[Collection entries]
(* Let $X$ be a finite set and let $c$ be a choice correspondence on $X$. Then $c$ admits a minimal compromise representation if and only if $c$ satisfies the following five conditions: Condition 1: for all $x,y\in X$ and menus $A\subset B$, if $x,y\in A$, $x\in c(A)$ and $y\in c(B)$, then $x\in c(B)$. Condition 2: for all $x,y\in X$ and menus $A\subset B$, if $x,y\in A$, $x\in r^{c}(A)$ and $y\in r^{c}(B)$, then $x\in r^{c}(B)$. Condition 3: for every menu $A$ with at least two elements there exists $x\in A$ with $x\notin c(A)$. Condition 4: for every menu $A$ and all $x,y\in X$, if $x\in A\setminus c(A)$ and $x\in c(A\cup\{y\})$, then $y\notin c(A\cup\{y\})$. Condition 5: for every menu $A$ and every menu $B\subseteq r^{c}(A)$ with at least two elements, there exists $x\in B$ with $x\notin c(B)$ such that $B=c(B)\cup\{x\}$.
   Context: A menu is a nonempty subset of $X$. A choice correspondence is a map $c$ assigning to each menu $A$ a nonempty subset $c(A)\subseteq A$. A weak order is a complete and transitive binary relation on $X$; a linear order is an antisymmetric weak order. For a weak order $R$ and menu $A$, $\max(A,R)=\{x\in A: xRy \text{ for all } y\in A\}$. For a linear order $L$, $\min(A,L)$ denotes the unique $x\in A$ with $yLx$ for all $y\in A$. A choice correspondence $c$ admits a minimal compromise representation if there exist a weak order $R$ and a linear order $L$ on $X$ such that for every menu $A$: $c(A)=\max(A,R)$ if $\max(A,R)$ is a singleton, and $c(A)=\max(A,R)\setminus\{\min(\max(A,R),L)\}$ otherwise. For a choice correspondence $c$ and menu $A$, $r^{c}(A)=\{x\in A: c(A\setminus\{x\})\neq c(A)\}$, the set of alternatives whose removal changes the choice (with the convention that for a singleton $A=\{x\}$ the removal of $x$ counts as changing the choice, so $r^c(\{x\})=\{x\}$; in particular $c(A)\subseteq r^c(A)$ always). *)

theory Defs
  imports Main
begin

definition menu :: "'a set \<Rightarrow> 'a set \<Rightarrow> bool" where
  "menu X A \<longleftrightarrow> A \<subseteq> X \<and> A \<noteq> {}"

definition choice_corr :: "'a set \<Rightarrow> ('a set \<Rightarrow> 'a set) \<Rightarrow> bool" where
  "choice_corr X c \<longleftrightarrow> (\<forall>A. menu X A \<longrightarrow> c A \<subseteq> A \<and> c A \<noteq> {})"

definition weak_order_on :: "'a set \<Rightarrow> 'a rel \<Rightarrow> bool" where
  "weak_order_on X R \<longleftrightarrow> preorder_on X R \<and> total_on X R"

definition lin_order_on :: "'a set \<Rightarrow> 'a rel \<Rightarrow> bool" where
  "lin_order_on X L \<longleftrightarrow> weak_order_on X L \<and> antisym L"

definition maxR :: "'a set \<Rightarrow> 'a rel \<Rightarrow> 'a set" where
  "maxR A R = {x \<in> A. \<forall>y \<in> A. (x, y) \<in> R}"

definition minL :: "'a set \<Rightarrow> 'a rel \<Rightarrow> 'a" where
  "minL A L = (THE x. x \<in> A \<and> (\<forall>y \<in> A. (y, x) \<in> L))"

definition min_compromise_rep :: "'a set \<Rightarrow> ('a set \<Rightarrow> 'a set) \<Rightarrow> bool" where
  "min_compromise_rep X c \<longleftrightarrow>
     (\<exists>R L. weak_order_on X R \<and> lin_order_on X L \<and>
        (\<forall>A. menu X A \<longrightarrow>
           c A = (if (\<exists>x. maxR A R = {x}) then maxR A R
                  else maxR A R - {minL (maxR A R) L})))"

(* r^c(A); for a singleton menu the removal counts as changing the choice *)
definition rc :: "('a set \<Rightarrow> 'a set) \<Rightarrow> 'a set \<Rightarrow> 'a set" where
  "rc c A = {x \<in> A. A - {x} = {} \<or> c (A - {x}) \<noteq> c A}"

end

theory Submission
  imports Defs
begin

text \<open>
  Necessity: under a representation (R, L), both c A and r^c A depend only on the top class
  M = max(A, R). If |M| >= 2 then c A is M without its L-least element; r^c A equals c A when
  |M| <= 2 (removing the loser of a pair leaves the same singleton choice) and equals M when
  |M| >= 3 (removing the loser exposes a new one). Since the top class of a submenu meeting M is
  M restricted to it, each condition becomes a statement about nested top classes.

  Sufficiency: recover L from binary choices (x L y iff x is chosen from {x, y}) and R from
  removals (x R y iff x is in r^c B for some menu B containing y). Nested WARP for c together with
  condition 3 makes L a linear order, and nested WARP for r^c makes R transitive. The top class M
  of a menu A is contained in r^c D for a single menu D, so by condition 5 c M drops exactly one
  element of M, necessarily its L-least one; nested WARP for c and for r^c, with condition 3,
  carry this over to c A.
\<close>

lemma weak_order_on_converse [simp]: "weak_order_on X (R\<inverse>) \<longleftrightarrow> weak_order_on X R"
  by (auto simp: weak_order_on_def total_on_def)

lemma weak_order_on_maxR_nonempty:
  assumes "weak_order_on X R" "finite A" "A \<noteq> {}" "A \<subseteq> X"
  shows "maxR A R \<noteq> {}"
proof -
  let ?beats = "\<lambda>y x. (y, x) \<in> R \<and> (x, y) \<notin> R"
  have R: "refl_on X R" "total_on X R" "trans R"
    using assms(1) by (auto simp: weak_order_on_def preorder_on_def)
  then have "asymp_on A ?beats" "transp_on A ?beats"
    by (auto simp: asymp_on_def transp_on_def dest: transD)
  then obtain m where m: "m \<in> A" "\<forall>y\<in>A. y \<noteq> m \<longrightarrow> \<not> ?beats y m"
    using Finite_Set.bex_min_element[OF assms(2) _ _ assms(3)] by blast
  have "(m, y) \<in> R" if "y \<in> A" for y
  proof (cases "y = m")
    case True
    then show ?thesis using R(1) m(1) assms(4) by (auto simp: refl_on_def)
  next
    case False
    then show ?thesis using R(2) m that assms(4) by (auto simp: total_on_def)
  qed
  then have "m \<in> maxR A R" using m(1) by (simp add: maxR_def)
  then show ?thesis by blast
qed

lemma minL_eq:
  assumes "antisym L" "x \<in> S" "\<forall>y\<in>S. (y, x) \<in> L"
  shows "minL S L = x"
  unfolding minL_def using assms by (blast dest: antisymD)

lemma lin_order_on_minL:
  assumes "lin_order_on X L" "finite S" "S \<noteq> {}" "S \<subseteq> X"
  shows "minL S L \<in> S" "\<forall>y\<in>S. (y, minL S L) \<in> L"
proof -
  have "weak_order_on X (L\<inverse>)" "antisym L"
    using assms(1) by (auto simp: lin_order_on_def)
  then obtain x where "x \<in> maxR S (L\<inverse>)"
    using weak_order_on_maxR_nonempty assms(2-4) by blast
  then have "x \<in> S" "\<forall>y\<in>S. (y, x) \<in> L"
    by (auto simp: maxR_def)
  with minL_eq[OF \<open>antisym L\<close>] show "minL S L \<in> S" "\<forall>y\<in>S. (y, minL S L) \<in> L"
    by simp_all
qed

lemma maxR_subset: "maxR A R \<subseteq> A"
  by (auto simp: maxR_def)

lemma maxR_restrict:
  assumes "trans R" "A \<subseteq> B" "y \<in> A" "y \<in> maxR B R"
  shows "maxR A R = maxR B R \<inter> A"
  using assms by (auto simp: maxR_def dest: transD)

lemma maxR_of_subset_maxR: "B \<subseteq> maxR A R \<Longrightarrow> maxR B R = B"
  by (auto simp: maxR_def)

lemma minL_subset:
  assumes "lin_order_on X L" "finite T" "T \<subseteq> X" "S \<subseteq> T" "minL T L \<in> S"
  shows "minL S L = minL T L"
proof (rule minL_eq)
  show "antisym L" using assms(1) by (simp add: lin_order_on_def)
  have "T \<noteq> {}" using assms(4,5) by blast
  then have "\<forall>y\<in>T. (y, minL T L) \<in> L"
    using lin_order_on_minL(2)[OF assms(1,2) _ assms(3)] by blast
  then show "\<forall>y\<in>S. (y, minL T L) \<in> L" using assms(4) by blast
qed (fact assms(5))

lemma two_le_card: "finite S \<Longrightarrow> x \<in> S \<Longrightarrow> y \<in> S \<Longrightarrow> x \<noteq> y \<Longrightarrow> 2 \<le> card S"
  using card_mono[of S "{x, y}"] by simp

lemma menu_finite: "finite X \<Longrightarrow> menu X A \<Longrightarrow> finite A"
  by (auto simp: menu_def intro: finite_subset)

lemma rc_subset: "rc c A \<subseteq> A"
  by (auto simp: rc_def)

lemma rc_singleton: "rc c {x} = {x}"
  by (auto simp: rc_def)

lemma choice_subset_rc:
  assumes "choice_corr X c" "menu X A"
  shows "c A \<subseteq> rc c A"
proof
  fix x assume x: "x \<in> c A"
  then have "x \<in> A" using assms by (auto simp: choice_corr_def)
  moreover have "c (A - {x}) \<noteq> c A" if "A - {x} \<noteq> {}"
  proof -
    have "menu X (A - {x})" using assms(2) that by (auto simp: menu_def)
    then have "x \<notin> c (A - {x})" using assms(1) by (auto simp: choice_corr_def)
    then show ?thesis using x by blast
  qed
  ultimately show "x \<in> rc c A" by (auto simp: rc_def)
qed

lemma rc_nonempty: "choice_corr X c \<Longrightarrow> menu X A \<Longrightarrow> rc c A \<noteq> {}"
  using choice_subset_rc[of X c A] by (auto simp: choice_corr_def)

text \<open>Conditions 1 and 2 are nested_warp X c and nested_warp X (rc c); conditions 3, 4 and 5 are
  rejects_some, promoter_not_chosen and rejects_one_within_rc.\<close>

definition nested_warp :: "'a set \<Rightarrow> ('a set \<Rightarrow> 'a set) \<Rightarrow> bool" where
  "nested_warp X f \<longleftrightarrow> (\<forall>x y A B. menu X A \<and> menu X B \<and> A \<subset> B \<and> x \<in> A \<and> y \<in> A
        \<and> x \<in> f A \<and> y \<in> f B \<longrightarrow> x \<in> f B)"

definition rejects_some :: "'a set \<Rightarrow> ('a set \<Rightarrow> 'a set) \<Rightarrow> bool" where
  "rejects_some X c \<longleftrightarrow> (\<forall>A. menu X A \<and> card A \<ge> 2 \<longrightarrow> (\<exists>x \<in> A. x \<notin> c A))"

definition promoter_not_chosen :: "'a set \<Rightarrow> ('a set \<Rightarrow> 'a set) \<Rightarrow> bool" where
  "promoter_not_chosen X c \<longleftrightarrow> (\<forall>A x y. menu X A \<and> x \<in> X \<and> y \<in> X \<and> x \<in> A - c A
        \<and> x \<in> c (A \<union> {y}) \<longrightarrow> y \<notin> c (A \<union> {y}))"

definition rejects_one_within_rc :: "'a set \<Rightarrow> ('a set \<Rightarrow> 'a set) \<Rightarrow> bool" where
  "rejects_one_within_rc X c \<longleftrightarrow> (\<forall>A B. menu X A \<and> menu X B \<and> B \<subseteq> rc c A \<and> card B \<ge> 2
        \<longrightarrow> (\<exists>x \<in> B. x \<notin> c B \<and> B = c B \<union> {x}))"

lemma nested_warpD:
  "nested_warp X f \<Longrightarrow> menu X A \<Longrightarrow> menu X B \<Longrightarrow> A \<subset> B \<Longrightarrow> x \<in> A \<Longrightarrow> y \<in> A
    \<Longrightarrow> x \<in> f A \<Longrightarrow> y \<in> f B \<Longrightarrow> x \<in> f B"
  unfolding nested_warp_def by blast

lemma rejects_someD: "rejects_some X c \<Longrightarrow> menu X A \<Longrightarrow> 2 \<le> card A \<Longrightarrow> \<exists>x \<in> A. x \<notin> c A"
  unfolding rejects_some_def by blast

lemma rejects_one_within_rcD:
  "rejects_one_within_rc X c \<Longrightarrow> menu X A \<Longrightarrow> menu X B \<Longrightarrow> B \<subseteq> rc c A \<Longrightarrow> 2 \<le> card B
    \<Longrightarrow> \<exists>x \<in> B. x \<notin> c B \<and> B = c B \<union> {x}"
  unfolding rejects_one_within_rc_def by blast

section \<open>Necessity\<close>

locale minimal_compromise =
  fixes X :: "'a set" and c :: "'a set \<Rightarrow> 'a set" and R L :: "'a rel"
  assumes finite_X: "finite X" and choice: "choice_corr X c"
    and weak_R: "weak_order_on X R" and lin_L: "lin_order_on X L"
    and rep: "\<And>A. menu X A \<Longrightarrow> c A = (if \<exists>x. maxR A R = {x} then maxR A R
                  else maxR A R - {minL (maxR A R) L})"
begin

lemma trans_R: "trans R"
  using weak_R by (simp add: weak_order_on_def preorder_on_def)

lemma menu_maxR:
  assumes "menu X A"
  shows "maxR A R \<noteq> {}" "finite (maxR A R)" "maxR A R \<subseteq> X"
proof -
  have A: "finite A" "A \<noteq> {}" "A \<subseteq> X"
    using assms menu_finite[OF finite_X] by (auto simp: menu_def)
  then show "maxR A R \<noteq> {}" by (rule weak_order_on_maxR_nonempty[OF weak_R])
  show "finite (maxR A R)" "maxR A R \<subseteq> X"
    using A maxR_subset[of A R] finite_subset by blast+
qed

lemma minL_maxR:
  assumes "menu X A"
  shows "minL (maxR A R) L \<in> maxR A R" "\<forall>y\<in>maxR A R. (y, minL (maxR A R) L) \<in> L"
  using lin_order_on_minL[OF lin_L menu_maxR(2,1,3)[OF assms]] by blast+

lemma choice_subset_maxR: "menu X A \<Longrightarrow> c A \<subseteq> maxR A R"
  using rep by auto

lemma choice_if_card_le1:
  assumes "menu X A" "card (maxR A R) \<le> 1"
  shows "c A = maxR A R"
proof -
  have "card (maxR A R) = 1"
    using assms menu_maxR by (simp add: le_Suc_eq)
  then obtain x where "maxR A R = {x}"
    by (auto simp: card_1_singleton_iff)
  then show ?thesis using rep[OF assms(1)] by simp
qed

lemma choice_if_card_ge2:
  assumes "menu X A" "2 \<le> card (maxR A R)"
  shows "c A = maxR A R - {minL (maxR A R) L}"
proof -
  have "\<nexists>x. maxR A R = {x}" using assms(2) by auto
  then show ?thesis using rep[OF assms(1)] by simp
qed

Task to carry out
Using only the entries above, output the line with "y \<notin> c", the line with "unfolding nested_warp_def by blast", and all lines between them, exactly as they stand.

Response
        \<and> x \<in> c (A \<union> {y}) \<longrightarrow> y \<notin> c (A \<union> {y}))"

definition rejects_one_within_rc :: "'a set \<Rightarrow> ('a set \<Rightarrow> 'a set) \<Rightarrow> bool" where
  "rejects_one_within_rc X c \<longleftrightarrow> (\<forall>A B. menu X A \<and> menu X B \<and> B \<subseteq> rc c A \<and> card B \<ge> 2
        \<longrightarrow> (\<exists>x \<in> B. x \<notin> c B \<and> B = c B \<union> {x}))"

lemma nested_warpD:
  "nested_warp X f \<Longrightarrow> menu X A \<Longrightarrow> menu X B \<Longrightarrow> A \<subset> B \<Longrightarrow> x \<in> A \<Longrightarrow> y \<in> A
    \<Longrightarrow> x \<in> f A \<Longrightarrow> y \<in> f B \<Longrightarrow> x \<in> f B"
  unfolding nested_warp_def by blast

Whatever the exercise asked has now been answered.